Used in space science across all wavelength or frequency bands, spectrometers can analyze the chemical composition of gases and solids in planets, stars, comets, and other targets, telling scientists much about their physical properties. Tuning into the submillimeter band is relatively new due to the complexity of building submillimeter-sensitive instruments.

With NASA research-and-development funding, Chin and his team are increasing the instrument’s sensitivity with an amplifier to boost the signal in the region around the 557 GHz frequency that has the strongest signal from water. This will improve the ability to measure even vanishingly small quantities of water and traces of other gases, even at the cold temperatures, and explore the whole system of surface vents on Enceladus, Racette said.

The team also is creating a more energy-efficient and flexible radio frequency (RF) data-processing system and a sophisticated digital spectrometer for the RF signal. The digital spectrometer will employ high-speed programmable circuitry to convert RF into digital signals that can be analyzed to measure the plumes’ gas quantities, temperatures, and velocities.

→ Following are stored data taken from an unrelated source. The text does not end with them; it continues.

(* Let $T=(V_T,E_T)$ be a finite tree, $r\in V_T$, $Q\subseteq V_T$ non-empty, and $Q'=Q\cup A_Q$ as defined below. Every $Q'$-centroid decomposition tree of $T$ has height $O(\log|Q|)$.
   Context: Root $T$ at $r$, let $V_Q$ be the set of nodes whose subtree contains a node of $Q$, $T_Q$ the subtree induced by $V_Q$, $A_Q=\{u\in V_Q:\deg_{T_Q}(u)\ge 3\}$ and $Q'=Q\cup A_Q$. For a tree $Z$ and $W\subseteq V_Z$, a node $u\in W$ is a $W$-centroid of $Z$ if every component of $Z-u$ contains at most $|W|/2$ nodes of $W$. A $Q'$-centroid decomposition tree $\mathcal D(T)=(Q',E_D)$ is obtained recursively: starting with $Z=T$ and $W=Q'$, choose a $W$-centroid $c$ of $Z$, remove it, and recurse on every component $Z'$ of $Z-c$ that contains a node of $W$ (with $W\cap V(Z')$ in place of $W$); for every recursion other than the first, $E_D$ contains an edge between the centroid chosen in that recursion and the centroid chosen in the calling recursion. (Such centroids always exist, and at each step there may be two to choose from.) *)

theory Defs
  imports Complex_Main
begin

definition adj_rel :: "'a set \<Rightarrow> 'a set set \<Rightarrow> ('a \<times> 'a) set" where
  "adj_rel V E = {(a, b). a \<in> V \<and> b \<in> V \<and> {a, b} \<in> E}"

definition connected_in :: "'a set \<Rightarrow> 'a set set \<Rightarrow> 'a \<Rightarrow> 'a \<Rightarrow> bool" where
  "connected_in V E x y \<longleftrightarrow> x \<in> V \<and> y \<in> V \<and> (x, y) \<in> (adj_rel V E)\<^sup>*"

definition is_graph :: "'a set \<Rightarrow> 'a set set \<Rightarrow> bool" where
  "is_graph V E \<longleftrightarrow> finite V \<and> (\<forall>e\<in>E. \<exists>a b. a \<in> V \<and> b \<in> V \<and> a \<noteq> b \<and> e = {a, b})"

(* a tree: nonempty finite graph, connected and acyclic (every edge is a bridge) *)
definition is_tree :: "'a set \<Rightarrow> 'a set set \<Rightarrow> bool" where
  "is_tree V E \<longleftrightarrow> is_graph V E \<and> V \<noteq> {} \<and>
     (\<forall>x\<in>V. \<forall>y\<in>V. connected_in V E x y) \<and>
     (\<forall>a b. {a, b} \<in> E \<longrightarrow> \<not> connected_in V (E - {{a, b}}) a b)"
text \<open>Points of M = R^(2n+1) (and covectors xi) are triples (q, p, t) with
  q, p in R^n (index type 'n, n = CARD('n) >= 1) and t in R.
  A symbol is a real function of (x, xi).\<close>

type_synonym 'n pt = "(real^'n) \<times> (real^'n) \<times> real"
type_synonym 'n sym = "'n pt \<times> 'n pt \<Rightarrow> real"

definition dd :: "'a::real_normed_vector \<Rightarrow> ('a \<Rightarrow> real) \<Rightarrow> 'a \<Rightarrow> real" where
  "dd v f z = deriv (\<lambda>s. f (z + s *\<^sub>R v)) 0"

fun ddl :: "'a::real_normed_vector list \<Rightarrow> ('a \<Rightarrow> real) \<Rightarrow> 'a \<Rightarrow> real" where
  "ddl [] f = f"
| "ddl (v # vs) f = dd v (ddl vs f)"

definition smooth_fun :: "('a::euclidean_space \<Rightarrow> real) \<Rightarrow> bool" where
  "smooth_fun f \<longleftrightarrow> (\<forall>vs z. ddl vs f differentiable (at z))"

definition hom_poly :: "nat \<Rightarrow> ('a::euclidean_space \<Rightarrow> real) \<Rightarrow> bool" where
  "hom_poly k g \<longleftrightarrow> (\<exists>A c. finite A \<and> (\<forall>\<alpha>\<in>A. (\<Sum>b\<in>Basis. \<alpha> b) = k) \<and>
      (\<forall>\<xi>. g \<xi> = (\<Sum>\<alpha>\<in>A. c \<alpha> * (\<Prod>b\<in>Basis. (\<xi> \<bullet> b) ^ \<alpha> b))))"

text \<open>R^k: smooth symbols, homogeneous polynomial of degree k in xi
  (the density weight does not enter the formulas).\<close>
definition Rk :: "nat \<Rightarrow> ('n::finite) sym set" where
  "Rk k = {S. smooth_fun S \<and> (\<forall>x. hom_poly k (\<lambda>\<xi>. S (x, \<xi>)))}"

definition cq :: "'n::finite \<Rightarrow> 'n pt \<times> 'n pt \<Rightarrow> real" where "cq i z = fst (fst z) $ i"
definition cp :: "'n::finite \<Rightarrow> 'n pt \<times> 'n pt \<Rightarrow> real" where "cp i z = fst (snd (fst z)) $ i"
definition xq :: "'n::finite \<Rightarrow> 'n pt \<times> 'n pt \<Rightarrow> real" where "xq i z = fst (snd z) $ i"
definition xp :: "'n::finite \<Rightarrow> 'n pt \<times> 'n pt \<Rightarrow> real" where "xp i z = fst (snd (snd z)) $ i"
definition xt :: "('n::finite) pt \<times> 'n pt \<Rightarrow> real" where "xt z = snd (snd (snd z))"

definition d_q :: "'n::finite \<Rightarrow> 'n sym \<Rightarrow> 'n sym" where
  "d_q i S = dd ((axis i 1, 0, 0), 0) S"
definition d_p :: "'n::finite \<Rightarrow> 'n sym \<Rightarrow> 'n sym" where
  "d_p i S = dd ((0, axis i 1, 0), 0) S"
definition d_t :: "('n::finite) sym \<Rightarrow> 'n sym" where
  "d_t S = dd ((0, 0, 1), 0) S"
definition d_xq :: "'n::finite \<Rightarrow> 'n sym \<Rightarrow> 'n sym" where
  "d_xq i S = dd (0, (axis i 1, 0, 0)) S"
definition d_xp :: "'n::finite \<Rightarrow> 'n sym \<Rightarrow> 'n sym" where
  "d_xp i S = dd (0, (0, axis i 1, 0)) S"
definition d_xt :: "('n::finite) sym \<Rightarrow> 'n sym" where
  "d_xt S = dd (0, (0, 0, 1)) S"

definition Es :: "('n::finite) sym \<Rightarrow> 'n sym" where
  "Es S z = (\<Sum>i\<in>UNIV. cp i z * d_p i S z + cq i z * d_q i S z)"
definition Es_xi :: "('n::finite) pt \<times> 'n pt \<Rightarrow> real" where
  "Es_xi z = (\<Sum>i\<in>UNIV. cp i z * xp i z + cq i z * xq i z)"

definition Dop :: "('n::finite) sym \<Rightarrow> 'n sym" where
  "Dop S z = (\<Sum>i\<in>UNIV. xq i z * d_p i S z - xp i z * d_q i S z)
             + xt z * Es S z - Es_xi z * d_t S z"

definition ialpha :: "('n::finite) sym \<Rightarrow> 'n sym" where
  "ialpha S z = (1/2) * ((\<Sum>i\<in>UNIV. cp i z * d_xq i S z - cq i z * d_xp i S z) - d_xt S z)"

definition Xop :: "real \<Rightarrow> int \<Rightarrow> ('n::finite) sym \<Rightarrow> 'n sym" where
  "Xop \<delta> k S z = Dop S z + (2 * (real CARD('n) + 1) * \<delta> + of_int k) * xt z * S z"

definition hk :: "nat \<Rightarrow> real \<Rightarrow> int \<Rightarrow> real" where
  "hk n \<delta> k = - ((real n + 1) * \<delta> + of_int k)"

definition Hop :: "real \<Rightarrow> int \<Rightarrow> ('n::finite) sym \<Rightarrow> 'n sym" where
  "Hop \<delta> k S z = hk CARD('n) \<delta> k * S z"

end

theory Submission
  imports Defs
begin

text \<open>The operators i(alpha) and D are derivations along vector fields a and b on
  T*M = R^(2n+1) x R^(2n+1) (ialpha_field and Dop_field). Since second derivatives
  of a smooth symbol commute, the commutator of the two derivations is the derivative along
  the Lie bracket [a, b] = -1/2 E - xi_t a, where E = (0, xi) is the Euler field of the fibre,
  and E acts on R^k as multiplication by k. The zeroth-order term c_k xi_t of X, with
  c_k = 2(n+1) delta + k, contributes a(xi_t) = -1/2, and since c_k - c_(k-1) = 1 it cancels
  the -xi_t a part of the bracket; what is left is -(k + c_k)/2 = h_k. The other two relations
  only use that H is a scalar on each R^k while i(alpha) and X lower and raise the degree by one.\<close>

lemma dd_eq_derivative:
  assumes "(f has_derivative f') (at z)"
  shows "dd v f z = f' v"
proof -
  have "((\<lambda>s::real. z + s *\<^sub>R v) has_derivative (\<lambda>s. s *\<^sub>R v)) (at 0)"
    by (auto intro!: derivative_eq_intros)
  from has_derivative_compose[OF this] assms
  have "((\<lambda>s::real. f (z + s *\<^sub>R v)) has_derivative (\<lambda>s. f' (s *\<^sub>R v))) (at 0)"
    by simp
  moreover have "(\<lambda>s. f' (s *\<^sub>R v)) = (*) (f' v)"
    using linear_cmul[OF has_derivative_linear[OF assms]] by auto
  ultimately have "((\<lambda>s. f (z + s *\<^sub>R v)) has_real_derivative f' v) (at 0)"
    by (simp add: has_field_derivative_def)
  then show ?thesis by (simp add: dd_def DERIV_imp_deriv)
qed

Because of these enhancements, SELFI will be able to simultaneously detect and analyze 13 molecular species, including water in various isotopic forms as well as methanol, ammonia, ozone, hydrogen peroxide, sulfur dioxide, and sodium chloride, the table salt chemical that makes Earth’s oceans salty.

“SELFI is really new,” Chin said, adding he believes the team can sufficiently improve the instrument to propose for a future mission. “This is one of the most ambitious submillimeter instruments ever built.”